### [WORK REQUEST]
Your answer must be an exact transcription of the lines from the line with "case (elim e)" through the final line of the data.

---------- EXTRACTED DATA

lemma Lp_T_ereal_minimizer_less:
  fixes r :: real
  assumes "0 < r" and "r \<noteq> 2"
  shows "\<forall>\<^sub>F e in at_right 0.
           Lp_T (ereal r) (\<lambda>z. complex_of_real ((2/r - 1) * e) * cnj z + 1 + complex_of_real e * z)
             < Lp_T (ereal r) (\<lambda>z. 1 + complex_of_real e * z)"
proof -
  have "\<forall>\<^sub>F e in at_right 0. circle_moment r (2/r - 1) e < circle_moment r 0 e"
    using assms by (intro circle_moment_minimizer_less) auto
  then show ?thesis
  proof eventually_elim
    case (elim e)
    have "((1 / (2*pi)) * circle_moment r (2/r - 1) e) powr (1/r)
        < ((1 / (2*pi)) * circle_moment r 0 e) powr (1/r)"
      using elim assms(1)
      by (intro powr_less_mono2 mult_strict_left_mono mult_nonneg_nonneg circle_moment_nonneg) auto
    then show ?case
      by (simp add: Lp_T_def circle_moment_def)
  qed
qed

theorem lemma2p1:
  fixes p :: ereal
  assumes "1 \<le> p" and "p \<noteq> 2"
  shows "\<forall>\<^sub>F \<epsilon> in at_right (0::real).
           Lp_T p (\<lambda>z. complex_of_real (c_p p * \<epsilon>) * cnj z + 1 + complex_of_real \<epsilon> * z)
             < Lp_T p (\<lambda>z. 1 + complex_of_real \<epsilon> * z)"
proof (cases "p = \<infinity>")
  case True
  have "\<forall>\<^sub>F \<epsilon> in at_right (0::real). \<epsilon> < 1/3"
    unfolding eventually_at_right_field by (intro exI[of _ "1/3"]) auto
  with eventually_at_right_less[of 0] show ?thesis
  proof eventually_elim
    case (elim \<epsilon>)
    with Lp_T_infinity_conj_perturbation_le[of \<epsilon>] Lp_T_infinity_one_plus_gt[of \<epsilon>]
    show ?case using True by (simp add: c_p_def)
  qed
next
  case False
  with assms obtain r where "p = ereal r" "1 \<le> r" "r \<noteq> 2"
    by (cases p) auto
  then show ?thesis
    using Lp_T_ereal_minimizer_less[of r] by (simp add: c_p_def)
qed

end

--------------------

### [REPLY]
    case (elim e)
    have "((1 / (2*pi)) * circle_moment r (2/r - 1) e) powr (1/r)
        < ((1 / (2*pi)) * circle_moment r 0 e) powr (1/r)"
      using elim assms(1)
      by (intro powr_less_mono2 mult_strict_left_mono mult_nonneg_nonneg circle_moment_nonneg) auto
    then show ?case
      by (simp add: Lp_T_def circle_moment_def)
  qed
qed

theorem lemma2p1:
  fixes p :: ereal
  assumes "1 \<le> p" and "p \<noteq> 2"
  shows "\<forall>\<^sub>F \<epsilon> in at_right (0::real).
           Lp_T p (\<lambda>z. complex_of_real (c_p p * \<epsilon>) * cnj z + 1 + complex_of_real \<epsilon> * z)
             < Lp_T p (\<lambda>z. 1 + complex_of_real \<epsilon> * z)"
proof (cases "p = \<infinity>")
  case True
  have "\<forall>\<^sub>F \<epsilon> in at_right (0::real). \<epsilon> < 1/3"
    unfolding eventually_at_right_field by (intro exI[of _ "1/3"]) auto
  with eventually_at_right_less[of 0] show ?thesis
  proof eventually_elim
    case (elim \<epsilon>)
    with Lp_T_infinity_conj_perturbation_le[of \<epsilon>] Lp_T_infinity_one_plus_gt[of \<epsilon>]
    show ?case using True by (simp add: c_p_def)
  qed
next
  case False
  with assms obtain r where "p = ereal r" "1 \<le> r" "r \<noteq> 2"
    by (cases p) auto
  then show ?thesis
    using Lp_T_ereal_minimizer_less[of r] by (simp add: c_p_def)
qed

end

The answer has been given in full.